Go on now.’ She wore a fading grey cotton saree, torn in places. Her hair was a tangled mess. She seemed to have a problem standing up straight. Her hands and legs trembled and she looked very frightened of something. She stood there, looking at Veena, her eyes pleading, ‘Please could you buy me some milk? It’s for my baby daughter.’ But Kanaaran shooed her away before Veena could do anything. ‘Real pain she is’, Kanaaran said after the lady had left. ‘Don’t you talk to her, she is bad omen. Brings bad luck to everyone.’
‘But she was only asking for milk for her daughter.’
‘Oh don’t believe that. She doesn’t have a daughter. I told you, she is mad. She keeps seeing things no one else can see and keeps hearing voices no one else can hear. She’ll try to meet you again. You are new here. But steer clear of her. Cha! She spoilt my morning.’
‘What’s her name?’
‘Lakshmi. Now don’t ask me more questions. I have a lot of work.’
Veena left then. But something troubled her. She kept thinking about Lakshmi. Something about her eyes had deeply touched Veena. Her eyes had seemed so genuine. There was genuine despair; genuine love for a daughter; genuine concern. She seemed in real need for some milk. Veena found it hard to believe Kanaaran’s story. Somehow, to her, Lakshmi was not lying. Lost in her thoughts, Veena was walking slowly towards Unni uncle’s house when someone tapped on her shoulder. Shocked, Veena turned around to stare at Lakshmi’s face. She caught hold of Veena’s arm, her eyes wide, darting from left to right. ‘Please, do something… my daughter… she is crying… no food… crying…help…please’, Lakshmi blurted. Veena stumbled, frightened, she pushed Lakshmi and ran; Lakshmi’s voice still ringing in her ears.
Veena couldn’t sleep for a few days. Lakshmi’s distraught face kept giving her nightmares. She couldn’t write those beautiful descriptive poems she wanted to write about Devipradesham. She found it very strange, but something about Lakshmi struck her as odd. Maybe it was her degree in psychology urging her to look beyond what seemed apparent, to understand the person that Lakshmi was. Then again maybe, she was being overly obsessed with a lady who was indeed hallucinating.

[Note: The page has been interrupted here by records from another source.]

(* Let $k\in\mathbb{N}$, $P$ the uniform distribution on $[0,1]$, $\beta=\{\frac jk:1\leq j\leq k\}$, and $J_{k,j}=[\frac{j-1}k,\frac jk]$ for $1\leq j\leq k$. Let $n\geq k$, let $\alpha_n$ be a conditional optimal set of $n$-points for $P$ with respect to $\beta$, and put $n_j=\mathrm{card}(\alpha_n\cap J_{k,j})$. Then for $2\leq j\leq k$, $|n_1-n_j|\in\{0,1\}$ and $n_1\leq n_j$.
   Context: For a Borel probability measure $P$ on $\mathbb{R}$ and finite $\beta$ with $\mathrm{card}(\beta)=r$, for $n\ge r$, $V_n=\inf\{\int\min_{a\in\alpha\cup\beta}(x-a)^2dP(x):\mathrm{card}(\alpha)\le n-r\}$; a set $\alpha\cup\beta$ attaining the infimum, with each point of $\beta$ having a Voronoi region of positive $P$-measure, is a conditional optimal set of $n$-points with respect to $\beta$ (it contains $\beta$). *)

theory Defs
  imports "HOL-Probability.Probability"
begin

definition unifP :: "real measure" where
  "unifP = uniform_measure lborel {0..1}"

definition distortion :: "real measure \<Rightarrow> real set \<Rightarrow> real" where
  "distortion P S = (\<integral>x. Min ((\<lambda>a. (x - a)^2) ` S) \<partial>P)"

definition cond_error :: "real measure \<Rightarrow> real set \<Rightarrow> nat \<Rightarrow> real" where
  "cond_error P \<beta> n =
     Inf {distortion P (\<alpha> \<union> \<beta>) | \<alpha>. finite \<alpha> \<and> card \<alpha> \<le> n - card \<beta>}"

definition voronoi :: "real set \<Rightarrow> real \<Rightarrow> real set" where
  "voronoi S b = {x. \<forall>a\<in>S. dist x b \<le> dist x a}"

definition cond_optimal_set :: "real measure \<Rightarrow> real set \<Rightarrow> nat \<Rightarrow> real set \<Rightarrow> bool" where
  "cond_optimal_set P \<beta> n S \<longleftrightarrow>
     finite \<beta> \<and> card \<beta> \<le> n \<and>
     (\<exists>\<alpha>. finite \<alpha> \<and> card \<alpha> \<le> n - card \<beta> \<and> S = \<alpha> \<union> \<beta>) \<and>
     distortion P S = cond_error P \<beta> n \<and>
     (\<forall>b\<in>\<beta>. measure P (voronoi S b) > 0)"

end

theory Submission
  imports Defs
begin

(* With m + 1 points in a cell of length r that contains both of its endpoints, the quantization
   error of the uniform distribution on the cell is at least r^3 / (12 m^2), attained by equally
   spaced points; on the first cell [0, r], whose left end 0 is not in beta, the bound is the
   same with m replaced by m + 1/2.  If an optimal set has c_1 points in the first and c_j points
   in the j-th cell, redistributing these c_1 + c_j points optimally between the two cells cannot
   lower the error, so (c_1 - 1, c_j - 1) minimizes 1/(a + 1/2)^2 + 1/b^2 among all splits with
   a + b fixed, and the strict convexity of 1/x^2 forces a <= b <= a + 1.  Points to the left of
   0 are ruled out by the same exchange. *)

definition nearest_sqdist :: "real set \<Rightarrow> real \<Rightarrow> real" where
  "nearest_sqdist T x = Min ((\<lambda>a. (x - a)^2) ` T)"

lemma nearest_sqdist_le: "finite T \<Longrightarrow> a \<in> T \<Longrightarrow> nearest_sqdist T x \<le> (x - a)^2"
  unfolding nearest_sqdist_def by (auto intro: Min_le)

lemma nearest_sqdist_greatest:
  "finite T \<Longrightarrow> T \<noteq> {} \<Longrightarrow> (\<And>a. a \<in> T \<Longrightarrow> c \<le> (x - a)^2) \<Longrightarrow> c \<le> nearest_sqdist T x"
  unfolding nearest_sqdist_def by (auto intro: Min.boundedI)

lemma nearest_sqdist_nonneg: "finite T \<Longrightarrow> T \<noteq> {} \<Longrightarrow> 0 \<le> nearest_sqdist T x"
  by (rule nearest_sqdist_greatest) auto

At lunch the next day, Veena asked Janaki aunty about Lakshmi.
‘Lakshmi? Poor woman. The villagers banished her a long time back. Being an outcast can drive anyone mad.’
‘What about her daughter?’ asked Veena.
‘Daughter? She doesn’t have a daughter. Although she thinks she does. She had given birth to a dead baby. People say that drove her mad. Poor woman, she used to be such a beautiful girl, you know? Very pretty and a very nice lady too. Fate, what else can one say?’
‘What about her husband?’
‘She was never married. Nobody knows who did such a terrible thing to her.’
‘Didn’t anyone ask her? No one cared to find out?’
‘That’s all a long story Veena. There were many accusations made. It was all very messy. I remember the day she was banished. Bhagawathi had been so right! Few months after she was banished, she gave birth. And that too to a still born girl child! All bad signs. But Bhagawathi saw it all and warned us. We had to banish her, or else she would’ve ruined the entire village’s blessings.’

‘What?? Bhagawathi foresaw it? She told you?’ asked a baffled Veena.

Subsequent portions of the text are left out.